Sunday, March 20th, 2011 6:42am MDT
Why do we have seasons?

Why do we have seasons? It is all thanks to the tilt of the Earth's axis. (NASA / NOAA)

We are now in the waning hours of winter as spring is set to arrive in Thornton later today – at 5:21pm to be exact.  The changing of the seasons from winter to spring means longer days, warmer temperatures and a greening landscape.

The Earth experiences seasons thanks to its 23 1/2 degree tilt.  As the planet circles the sun, a process that takes 365 1/4 days, different parts of the Earth are tilted closer to or farther away from the sun.

The vernal equinox (the first day of spring) is the day on which the sun is directly over the Earth’s equator and daylight lasts 12 hours in both the Northern and Southern Hemisphere.  This is because at this point the Earth’s axis is 90 degrees away from the sun.

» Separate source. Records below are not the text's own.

lemma tilde_cover_long:
  fixes a b :: int
  assumes "n \<ge> 1" and "2 ^ (n - 1) \<le> a" and "b \<le> 2 ^ n" and "int n ^ 2 \<le> b - a"
  shows "\<exists>J1 J2. {real_of_int a..real_of_int b} \<inter> shell n \<subseteq> J1 \<union> J2
    \<and> tilde_interval n J1 \<and> tilde_interval n J2
    \<and> ilen J1 \<le> real_of_int (b - a) \<and> ilen J2 \<le> real_of_int (b - a)"
proof -
  define m where "m = int n ^ 2"
  define k where "k = (b - a) div m"
  have m: "0 < m" using assms(1) by (simp add: m_def)
  have "0 < k" using assms(4) m unfolding k_def m_def by (simp add: pos_imp_zdiv_pos_iff)
  have "b - a = k * m + (b - a) mod m" by (simp add: k_def)
  moreover have "0 \<le> (b - a) mod m" "(b - a) mod m < m" using m by simp_all
  moreover have "m \<le> k * m" using \<open>0 < k\<close> m by simp
  ultimately have km: "k * m \<le> b - a" "b - a < 2 * (k * m)" by linarith+
  have k: "nat k \<ge> 1" using \<open>0 < k\<close> by simp
  have len: "(a + k * m) - a = int (nat k) * int n ^ 2" "b - (b - k * m) = int (nat k) * int n ^ 2"
    using \<open>0 < k\<close> by (simp_all add: m_def)
  have bounds: "a + k * m \<le> 2 ^ n" "2 ^ (n - 1) \<le> b - k * m" using assms(2,3) km by linarith+
  define J1 where "J1 = {real_of_int a..real_of_int (a + k * m)} \<inter> shell n"
  define J2 where "J2 = {real_of_int (b - k * m)..real_of_int b} \<inter> shell n"
  note J1 = tilde_interval_Icc_inter_shell[OF assms(2) bounds(1) len(1) k assms(1), folded J1_def]
  note J2 = tilde_interval_Icc_inter_shell[OF bounds(2) assms(3) len(2) k assms(1), folded J2_def]
  have "{real_of_int a..real_of_int b} \<inter> shell n \<subseteq> J1 \<union> J2"
  proof
    fix y assume y: "y \<in> {real_of_int a..real_of_int b} \<inter> shell n"
    have "b - k * m \<le> a + k * m" using km by linarith
    then have "real_of_int (b - k * m) \<le> real_of_int (a + k * m)" by (simp only: of_int_le_iff)
    then have "y \<le> real_of_int (a + k * m) \<or> real_of_int (b - k * m) \<le> y" by linarith
    then show "y \<in> J1 \<union> J2" using y unfolding J1_def J2_def by auto
  qed
  moreover have "real_of_int ((a + k * m) - a) \<le> real_of_int (b - a)"
    "real_of_int (b - (b - k * m)) \<le> real_of_int (b - a)"
    using km by (simp_all only: of_int_le_iff)
  ultimately show ?thesis using J1 J2 by metis
qed

lemma tilde_cover_short:
  fixes a b :: int
  assumes "n \<ge> 1" and "2 * real n ^ 2 \<le> 2 ^ n"
    and "2 ^ (n - 1) \<le> a" and "b \<le> 2 ^ n" and "b - a < int n ^ 2"
  shows "\<exists>J. {real_of_int a..real_of_int b} \<inter> shell n \<subseteq> J
    \<and> tilde_interval n J \<and> ilen J = real n ^ 2"
proof -
  define m where "m = int n ^ 2"
  define c where "c = min a (2 ^ n - m)"
  have "real_of_int (2 * m) \<le> real_of_int (2 ^ n)"
    using assms(2) unfolding m_def by simp
  then have "2 * m \<le> 2 ^ n" by linarith
  moreover have "(2::int) ^ n = 2 * 2 ^ (n - 1)" using assms(1) by (cases n) simp_all
  ultimately have lo: "2 ^ (n - 1) \<le> c" using assms(3) by (simp add: c_def)
  have hi: "c + m \<le> 2 ^ n" by (simp add: c_def)
  have len: "(c + m) - c = int 1 * int n ^ 2" by (simp add: m_def)
  define J where "J = {real_of_int c..real_of_int (c + m)} \<inter> shell n"
  note J = tilde_interval_Icc_inter_shell[OF lo hi len _ assms(1), folded J_def]
  have "c \<le> a" "b \<le> c + m" using assms(4,5) by (auto simp: c_def m_def)
  then have "real_of_int c \<le> real_of_int a" "real_of_int b \<le> real_of_int (c + m)" by linarith+
  then have "{real_of_int a..real_of_int b} \<inter> shell n \<subseteq> J" unfolding J_def by auto
  moreover have "real_of_int ((c + m) - c) = real n ^ 2" by (simp add: m_def)
  ultimately show ?thesis using J by auto
qed

lemma powr_cost_le:
  fixes m T l L \<rho> \<sigma> :: real
  assumes "0 \<le> \<rho>" and "\<rho> \<le> \<sigma>" and "0 < T" and "1 \<le> l" and "l \<le> T" and "0 \<le> L"
    and "L \<le> l \<or> L = m" and "(m / T) powr \<sigma> \<le> (1 / T) powr \<rho>"
  shows "(L / T) powr \<sigma> \<le> (l / T) powr \<rho>"
  using assms(7)
proof
  assume "L \<le> l"
  then have "L / T \<le> l / T" "l / T \<le> 1" using assms(3,5) by (simp_all add: divide_right_mono)
  moreover have "0 \<le> L / T" using assms(3,6) by simp
  ultimately have "(L / T) powr \<sigma> \<le> (L / T) powr \<rho>" using assms(2) by (intro powr_mono') auto
  also have "\<dots> \<le> (l / T) powr \<rho>" using \<open>L / T \<le> l / T\<close> \<open>0 \<le> L / T\<close> assms(1) by (simp add: powr_mono2)
  finally show ?thesis .
next
  assume "L = m"
  have "1 / T \<le> l / T" using assms(3,4) by (simp add: divide_right_mono)
  then have "(1 / T) powr \<rho> \<le> (l / T) powr \<rho>" using assms(1,3) by (intro powr_mono2) auto
  with assms(8) show ?thesis unfolding \<open>L = m\<close> by (rule order.trans)
qed

lemma tilde_refinement:
  assumes "n \<ge> 1" and "2 * real n ^ 2 \<le> 2 ^ n" and "0 \<le> \<rho>" and "\<rho> \<le> \<sigma>"
    and "(real n ^ 2 / 2 ^ n) powr \<sigma> \<le> (1 / 2 ^ n) powr \<rho>"
    and "int_interval Q" and "Q \<subseteq> shell n"
  shows "\<exists>F. finite F \<and> card F \<le> 2 \<and> Q \<subseteq> \<Union>F \<and>
    (\<forall>J\<in>F. tilde_interval n J \<and> (ilen J / 2 ^ n) powr \<sigma> \<le> (ilen Q / 2 ^ n) powr \<rho>)"
proof -
  obtain a b :: int where ab: "a < b" and inner: "{real_of_int a<..<real_of_int b} \<subseteq> Q"
    and outer: "Q \<subseteq> {real_of_int a..real_of_int b}"
    using assms(6) unfolding int_interval_def by blast
  have lenQ: "ilen Q = real_of_int (b - a)" using ilen_sandwich[OF _ inner outer] ab by simp
  note bounds = shell_int_interval_bounds[OF ab inner assms(7)]
  have Q_sub: "Q \<subseteq> {real_of_int a..real_of_int b} \<inter> shell n" using outer assms(7) by blast
  have "0 \<le> (2::int) ^ (n - 1)" by simp
  then have "b - a \<le> 2 ^ n" using bounds by linarith
  then have le_T: "real_of_int (b - a) \<le> 2 ^ n" by (metis of_int_le_iff of_int_numeral of_int_power)
  have one_le: "1 \<le> real_of_int (b - a)" using ab by simp
  have cost: "(ilen J / 2 ^ n) powr \<sigma> \<le> (ilen Q / 2 ^ n) powr \<rho>"
    if "tilde_interval n J" and "ilen J \<le> real_of_int (b - a) \<or> ilen J = real n ^ 2" for J
  proof -
    have "0 \<le> ilen J" using that(1) unfolding tilde_interval_def by auto
    show ?thesis unfolding lenQ
      by (rule powr_cost_le[OF assms(3,4) _ one_le le_T \<open>0 \<le> ilen J\<close> that(2) assms(5)]) simp
  qed
  consider "int n ^ 2 \<le> b - a" | "b - a < int n ^ 2" by linarith
  then show ?thesis
  proof cases
    case 1
    then obtain J1 J2 where cover: "{real_of_int a..real_of_int b} \<inter> shell n \<subseteq> J1 \<union> J2"
      and J1: "tilde_interval n J1" "ilen J1 \<le> real_of_int (b - a)"
      and J2: "tilde_interval n J2" "ilen J2 \<le> real_of_int (b - a)"
      using tilde_cover_long[OF assms(1) bounds] by blast
    have "card {J1, J2} \<le> 2" by (simp add: card_insert_if)
    moreover have "Q \<subseteq> \<Union>{J1, J2}" using Q_sub cover by auto
    moreover note cost[OF J1(1)] cost[OF J2(1)]
    ultimately show ?thesis using J1 J2 by (intro exI[of _ "{J1, J2}"]) auto
  next
    case 2
    then obtain J where cover: "{real_of_int a..real_of_int b} \<inter> shell n \<subseteq> J"
      and J: "tilde_interval n J" "ilen J = real n ^ 2"
      using tilde_cover_short[OF assms(1,2) bounds] by blast
    have "Q \<subseteq> \<Union>{J}" using Q_sub cover by auto
    with J cost[OF J(1)] show ?thesis by (intro exI[of _ "{J}"]) simp
  qed
qed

From now until the summer solstice, those of us in the Northern Hemisphere get closer to the sun and thus enjoy the warming temperatures and experience spring and summer.  In the Southern Hemisphere they experience the opposite and for them today is the first day of autumn.

Animated vernal equinox

The vernal equinox brings nearly equal daytime and nighttime across the globe.

Here is Colorado, thanks to our northern latitude, we have already passed the point of 12 hours of equal daytime and nighttime, something that occurred just a few days ago.  Today in fact daytime will last 12 hours and 7 minutes.

Did you know that there is a difference between the astronomical seasons that we are discussing here and meteorological seasons?

Meteorological seasons differ slightly and are geared toward matching the calendar with the annual temperature cycle.  This is done primarily for meteorological observing and forecasting.

For the Northern Hemisphere, the meteorological spring covers the months of March, April and May.  Summer brings the hottest months of the year and so meteorological summer is June, July and August.  Meteorological fall then is September, October and November followed by the coldest months of December, January and February as meteorological winter.